■ Exercise aim:
Below are the records. How many of their lines contain "that"? Give only the number.

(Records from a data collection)
lemma mu_rev: "mu y * qu y = mu (Suc y) * qd (Suc y)"
proof (cases "y = 0")
  case True
  then show ?thesis by (simp add: mu_def qu_def qd_def)
next
  case False
  define t where "t = real y"
  have t1: "t \<ge> 1" using False unfolding t_def by simp
  have "t * t \<ge> 1" using mult_mono[of 1 t 1 t] t1 by simp
  then have ne: "t * (t * 4) \<noteq> 1" by (simp add: mult_ac)
  have "mu y * qu y = t / ((2 * t - 1) * (2 * t + 1)) * ((2 * t - 1) / (4 * t))"
    unfolding mu_def qu_def t_def using False by (simp add: algebra_simps power2_eq_square)
  also have "\<dots> = 1 / (4 * (2 * t + 1))"
    using t1 ne by (simp add: field_simps)
  also have "\<dots> = (t + 1) / ((2 * t + 1) * (2 * t + 3)) * ((2 * t + 3) / (4 * (t + 1)))"
    using t1 by (simp add: divide_simps) (simp add: algebra_simps)
  also have "\<dots> = mu (Suc y) * qd (Suc y)"
    unfolding mu_def qd_def t_def by (simp add: algebra_simps power2_eq_square)
  finally show ?thesis .
qed

lemma jump_qbd: "jump_chain qbd = bd qu"
proof (intro ext)
  fix x y :: nat
  have "infsum (qbd x) {z. z \<noteq> x} = infsum (qbd x) {Suc x, x - 1}"
    by (rule infsum_cong_neutral) (auto simp: qbd_alt)
  also have "\<dots> = 1"
    using qu_qd[of x] by (cases x) (auto simp: qbd_alt qu_def)
  finally have total: "infsum (qbd x) {z. z \<noteq> x} = 1" .
  show "jump_chain qbd x y = bd qu x y"
    unfolding jump_chain_def total bd_def qbd_alt using qu_qd[of x] by auto
qed

interpretation Q: reversible_recurrent_birth_death qu mu
proof unfold_locales
  show "qu 0 = 1" by (simp add: qu_def)
  show "0 < qu y \<and> qu y < 1" if "y \<ge> 1" for y using that qu_pos qu_lt1 by simp
  show "qu y \<le> 1/2" if "y \<ge> 2" for y using that qu_half by simp
  show "0 < mu y" for y by (rule mu_pos)
  show "mu y * qu y = mu (Suc y) * (1 - qu (Suc y))" for y
    using mu_rev[of y] qu_qd[of "Suc y"] by simp
qed

theorem qbd_null_recurrent: "ctmc_null_recurrent qbd UNIV"
  unfolding ctmc_null_recurrent_def jump_qbd
  using Q.null_recurrent_criterion[OF mu_not_summable mu_le1] by blast

section \<open>Transporting recurrence along an embedding\<close>

text \<open>If f embeds the state space of Q into that of P, P never leaves the image of f, and
  P agrees with Q along f, then first-passage probabilities, hence recurrence properties,
  agree along f.\<close>
locale chain_embedding =
  fixes P :: "'a \<Rightarrow> 'a \<Rightarrow> real" and Q :: "'b \<Rightarrow> 'b \<Rightarrow> real" and f :: "'b \<Rightarrow> 'a"
  assumes inj: "inj f"
    and stays_in_image: "\<And>m z. z \<notin> range f \<Longrightarrow> P (f m) z = 0"
    and agrees: "\<And>m k. P (f m) (f k) = Q m k"
begin

lemma infsum_transfer:
  "infsum (\<lambda>z. P (f y) z * g z) UNIV = infsum (\<lambda>k. Q y k * g (f k)) UNIV"
proof -
  have "infsum (\<lambda>z. P (f y) z * g z) UNIV = infsum (\<lambda>z. P (f y) z * g z) (range f)"
    by (rule infsum_cong_neutral) (auto simp: stays_in_image)
  also have "\<dots> = infsum ((\<lambda>z. P (f y) z * g z) \<circ> f) UNIV"
    by (rule infsum_reindex) (use inj in simp)
  also have "\<dots> = infsum (\<lambda>k. Q y k * g (f k)) UNIV"
    by (simp add: o_def agrees)
  finally show ?thesis .
qed

lemma hit_transfer: "hit P (f x) n (f y) = hit Q x n y"
proof (induction n arbitrary: y)
  case 0
  then show ?case using inj by (simp add: inj_eq)
next
  case (Suc n)
  have "infsum (\<lambda>z. P (f y) z * hit P (f x) n z) UNIV = infsum (\<lambda>k. Q y k * hit Q x n k) UNIV"
    unfolding infsum_transfer Suc.IH ..
  then show ?case using inj by (simp add: inj_eq hit.simps(2))
qed

lemma ret_transfer: "ret P (f x) = ret Q x"
  by (rule ext) (simp add: ret_def infsum_transfer hit_transfer)

lemma positive_recurrent_transfer:
  "positive_recurrent_state Q x \<Longrightarrow> positive_recurrent_state P (f x)"
  unfolding positive_recurrent_state_def recurrent_state_def ret_transfer .

end

section \<open>The spider walk is positive recurrent\<close>

definition enc :: "nat \<Rightarrow> nat \<times> nat" where
  "enc n = (n div 2, n div 2 + 1 + n mod 2)"

lemma enc_inj: "inj enc"
proof (rule injI)
  fix m n
  assume "enc m = enc n"
  then have "m div 2 = n div 2" "m mod 2 = n mod 2" unfolding enc_def by auto
  then show "m = n" by (metis div_mult_mod_eq)
qed

lemma enc_even: "enc (2 * x) = (x, Suc x)" unfolding enc_def by simp
lemma enc_odd: "enc (Suc (2 * x)) = (x, Suc (Suc x))" unfolding enc_def by simp
lemma enc_pred: "enc (2 * x - 1) = (x - 1, Suc x)"
  by (cases x) (auto simp: enc_def)
lemma enc_even2: "enc (Suc (Suc (2 * x))) = (Suc x, Suc (Suc x))"
  using enc_even[of "Suc x"] by simp

lemma mem_spider_states: "(p, q) \<in> spider_states \<longleftrightarrow> q = Suc p \<or> q = Suc (Suc p)"
  unfolding spider_states_def by auto

lemma spider_states_enc: "s \<in> spider_states \<Longrightarrow> s \<in> range enc"
proof -
  assume "s \<in> spider_states"
  moreover obtain p q where s: "s = (p, q)" by fastforce
  ultimately have "q = Suc p \<or> q = Suc (Suc p)" by (simp add: mem_spider_states)
  then have "s = enc (2 * p) \<or> s = enc (Suc (2 * p))"
    using s enc_even enc_odd by auto
  then show ?thesis by blast
qed

lemma spider_rate_adjacent:
  "spider_rate qbd (x, Suc x) t =
     (if t = (x, Suc (Suc x)) then qu (Suc x) else if t = (x - 1, Suc x) then qd x else 0)"
proof -
  obtain p q where t: "t = (p, q)" by fastforce
  show ?thesis
  proof (cases "(p, q) \<in> spider_states")
    case False
    then show ?thesis unfolding t spider_rate_def mem_spider_states using qd0 by auto
  next
    case True
    then have pq: "q = Suc p \<or> q = Suc (Suc p)" by (simp add: mem_spider_states)
    show ?thesis
    proof (cases "p = x")
      case True
      then show ?thesis using pq qd0
        unfolding t spider_rate_def mem_spider_states by (cases x) (auto simp: qbd_alt)
    next
      case False
      then show ?thesis using pq qd0
        unfolding t spider_rate_def mem_spider_states by (auto simp: qbd_alt)
    qed
  qed
qed

lemma spider_rate_gap:
  "spider_rate qbd (x, Suc (Suc x)) t =
     (if t = (Suc x, Suc (Suc x)) then qu x else if t = (x, Suc x) then qd (Suc (Suc x)) else 0)"
proof -
  obtain p q where t: "t = (p, q)" by fastforce
  show ?thesis
  proof (cases "(p, q) \<in> spider_states")
    case False
    then show ?thesis unfolding t spider_rate_def mem_spider_states by auto
  next
    case True
    then have pq: "q = Suc p \<or> q = Suc (Suc p)" by (simp add: mem_spider_states)
    then show ?thesis
      unfolding t spider_rate_def mem_spider_states by (cases "p = x") (auto simp: qbd_alt)
  qed
qed

definition up :: "nat \<Rightarrow> real" where
  "up m = (if even m then qu (m div 2 + 1) else qu (m div 2))"
definition dn :: "nat \<Rightarrow> real" where
  "dn m = (if even m then qd (m div 2) else qd (m div 2 + 2))"

lemma spider_rate_enc:
  "spider_rate qbd (enc m) t = (if t = enc (Suc m) then up m else if t = enc (m - 1) then dn m else 0)"
proof (cases "even m")
  case True
  define x where "x = m div 2"
  have m: "m = 2 * x" using True unfolding x_def by simp
  show ?thesis unfolding m enc_even up_def dn_def
    using enc_odd[of x] enc_pred[of x] spider_rate_adjacent[of x t] by simp
next
  case False
  define x where "x = m div 2"
  have m: "m = Suc (2 * x)" using False unfolding x_def by presburger
  show ?thesis unfolding m enc_odd up_def dn_def
    using enc_even2[of x] enc_even[of x] spider_rate_gap[of x t] by simp
qed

■ Exercise solution:
3